Source: The Chart Store
Above is a view of the 70"s experience from our essay The
Need For Speed that talks about the fact time wise a comparable mid-term
correction would run 20-months, and would also involve a move considerably
lower than the 38-percent retrace which up to this point appears to be the
bottom for the current sequence. Based on an assumption the domestic economy
is too weak at present for authorities to allow a further slowing of the
instantaneous economic stimulation monetization practices sponsor however,
especially if they don"t wish to risk an accident before the election next
year, in our view the likelihood of gold coming close to duplicating a 70"s
style mid-term correction is quite remote now. This of course implies the
lows are behind us, and raises some important questions with respect to the
strength of the next impulse higher once it begins in earnest.

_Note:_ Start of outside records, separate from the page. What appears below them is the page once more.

text \<open>Writing N = 1 + q + q^2 m, additivity of x \<mapsto> x^q gives
  (b + dX)^N = (b + dX)(b^q + d^q X^q)(b^(q^2) + d^(q^2) X^(q^2))^m, and modulo X^(q^2) this is
  b^(q^2 m) (b + dX)(b^q + d^q X^q).\<close>
lemma coeff_linear_power_q:
  fixes b d :: "'a::{field,finite}"
  assumes q2: "q \<ge> 2" and frob: "\<And>x y :: 'a. (x + y) ^ q = x ^ q + y ^ q"
    and qq: "q * q < card (UNIV :: 'a set)"
  shows "coeff ([:b, d:] ^ (1 + q + q * q * m)) q = b * d ^ q * (b ^ (q * q)) ^ m"
    and "coeff ([:b, d:] ^ (1 + q + q * q * m)) (Suc q) = d * d ^ q * (b ^ (q * q)) ^ m"
proof -
  have frob2: "(x + y) ^ (q * q) = x ^ (q * q) + y ^ (q * q)" for x y :: 'a
    by (simp add: power_mult frob)
  have "q * 2 \<le> q * q" using q2 by (rule mult_le_mono2)
  then have lt: "q < q * q" "Suc q < q * q" using q2 by linarith+
  then have q_lt: "q < card (UNIV :: 'a set)" using qq by linarith
  define A where "A = [:b, d:] * ([:b ^ q:] + monom (d ^ q) q)"
  define E where "E = (b ^ (q * q)) ^ m"
  obtain R where R: "([:b ^ (q * q):] + monom (d ^ (q * q)) (q * q)) ^ m
       = [:b ^ (q * q):] ^ m + monom (d ^ (q * q)) (q * q) * R"
    using binomial_split by blast
  have "[:b, d:] ^ (1 + q + q * q * m) = [:b, d:] * [:b, d:] ^ q * ([:b, d:] ^ (q * q)) ^ m"
    by (simp only: power_add power_mult power_one_right)
  also have "\<dots> = A * ([:b ^ (q * q):] + monom (d ^ (q * q)) (q * q)) ^ m"
    unfolding A_def linear_power_additive[OF frob q_lt] linear_power_additive[OF frob2 qq]
    by (simp only: mult.assoc)
  also have "\<dots> = smult E A + monom 1 (q * q) * ([:d ^ (q * q):] * (A * R))"
  proof -
    have "monom (d ^ (q * q)) (q * q) = monom 1 (q * q) * [:d ^ (q * q):]"
      by (simp add: mult.commute smult_monom)
    moreover have "A * [:E:] = smult E A" by (simp add: mult.commute)
    ultimately show ?thesis unfolding R poly_const_pow E_def[symmetric] distrib_left
      by (simp only: mult.assoc mult.left_commute[of A])
  qed
  finally have split: "[:b, d:] ^ (1 + q + q * q * m) = smult E A + monom 1 (q * q) * ([:d ^ (q * q):] * (A * R))" .
  obtain r where r: "q = Suc (Suc r)" using q2 by (metis add_2_eq_Suc le_Suc_ex)
  have "coeff A q = b * d ^ q" "coeff A (Suc q) = d * d ^ q"
    unfolding A_def using r by (simp_all add: coeff_monom)
  then show "coeff ([:b, d:] ^ (1 + q + q * q * m)) q = b * d ^ q * (b ^ (q * q)) ^ m"
    and "coeff ([:b, d:] ^ (1 + q + q * q * m)) (Suc q) = d * d ^ q * (b ^ (q * q)) ^ m"
    unfolding split coeff_add coeff_smult coeff_monom_mult using lt by (simp_all add: E_def)
qed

Certainly for me, chief amongst these questions is whether the more shallow
present day mid-term correction is a result of official price suppression,
meaning the price of gold should have gone higher and then corrected back down
more profoundly, or because the entire move will be weaker on a percentage
basis simply due to the fact we are dealing with larger nominal values. If
the latter is the condition gold"s condition is in, then the above projection
should prove accurate, making this target our minimum nominal price target
for the larger move set to run into the next decade. If however the shallow
showing in the present day move proves to be more a function of official suppression
tactics than anything else, then it"s possible ratio related multipliers associated
with both historical and future money supply growth rates take hold of pricing
drivers at some point in the future, catapulting nominal values in all fiat
currencies far higher than any historically derived comparison(s) would allow
for. Here, the sky is the limit if hyperinflation takes
hold, where gold in Rentenmarks during the German
episode in the early 20"s took prices into the billions.

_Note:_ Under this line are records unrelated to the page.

lemma (in group) commutator_width_eq_1:
  assumes "derived G (carrier G) \<subseteq> derived_set G (carrier G)"
    and "derived G (carrier G) \<noteq> {\<one>}"
  shows "commutator_width G = 1"
proof -
  have "\<one> \<in> derived G (carrier G)" unfolding derived_def by (rule generate.one)
  then obtain \<tau> where \<tau>: "\<tau> \<in> derived G (carrier G)" "\<tau> \<noteq> \<one>" using assms(2) by blast
  show ?thesis
    unfolding commutator_width_def
  proof (rule antisym)
    show "(SUP g\<in>derived G (carrier G). enat (comm_length G g)) \<le> 1"
      using assms(1) comm_length_le_1 by (intro SUP_least) (auto simp: one_enat_def)
    have "comm_length G \<tau> = 1" using comm_length_eq_1 \<tau> assms(1) by blast
    then have "enat (comm_length G \<tau>) = 1" by (simp add: one_enat_def)
    then show "1 \<le> (SUP g\<in>derived G (carrier G). enat (comm_length G g))"
      using SUP_upper[OF \<tau>(1), of "\<lambda>g. enat (comm_length G g)"] by simp
  qed
qed

section \<open>Permutations and full cycles\<close>

lemma sum_Bij_reindex:
  fixes f :: "'a \<Rightarrow> 'b::comm_monoid_add"
  shows "g \<in> Bij S \<Longrightarrow> (\<Sum>x\<in>S. f (g x)) = (\<Sum>x\<in>S. f x)"
  by (rule sum.reindex_bij_betw) (simp add: Bij_def)

lemma BijGroup_mult: "g \<in> Bij S \<Longrightarrow> h \<in> Bij S \<Longrightarrow> g \<otimes>\<^bsub>BijGroup S\<^esub> h = compose S g h"
  by (simp add: BijGroup_def)

lemma BijGroup_one: "\<one>\<^bsub>BijGroup S\<^esub> = (\<lambda>x\<in>S. x)"
  by (simp add: BijGroup_def)

lemma BijGroup_carrier: "carrier (BijGroup S) = Bij S"
  by (simp add: BijGroup_def)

With the dollar ($) unable to rally in spite of traditional
signals, such an occurrence should be well underway already you would
think, where one does have to wonder if the market has decided to challenge
the lie at this point, or at least rattle our respective cages in terms
of what it will mean when the Greenback eventually loses global reserve currency
status. One by one,
more and more US trading partners are attempting to move away from the $,
which at some point must take its toll on exchange traded value in more profound
fashion. Such a development would surprise a great many people right now,
not the least of which would include many US trading partners with huge $
reserves they may wish to protect. This of course could cause somewhat of
a panic into gold and silver, and with few either prepared or expecting such
a development, things could get quite interesting quite quickly.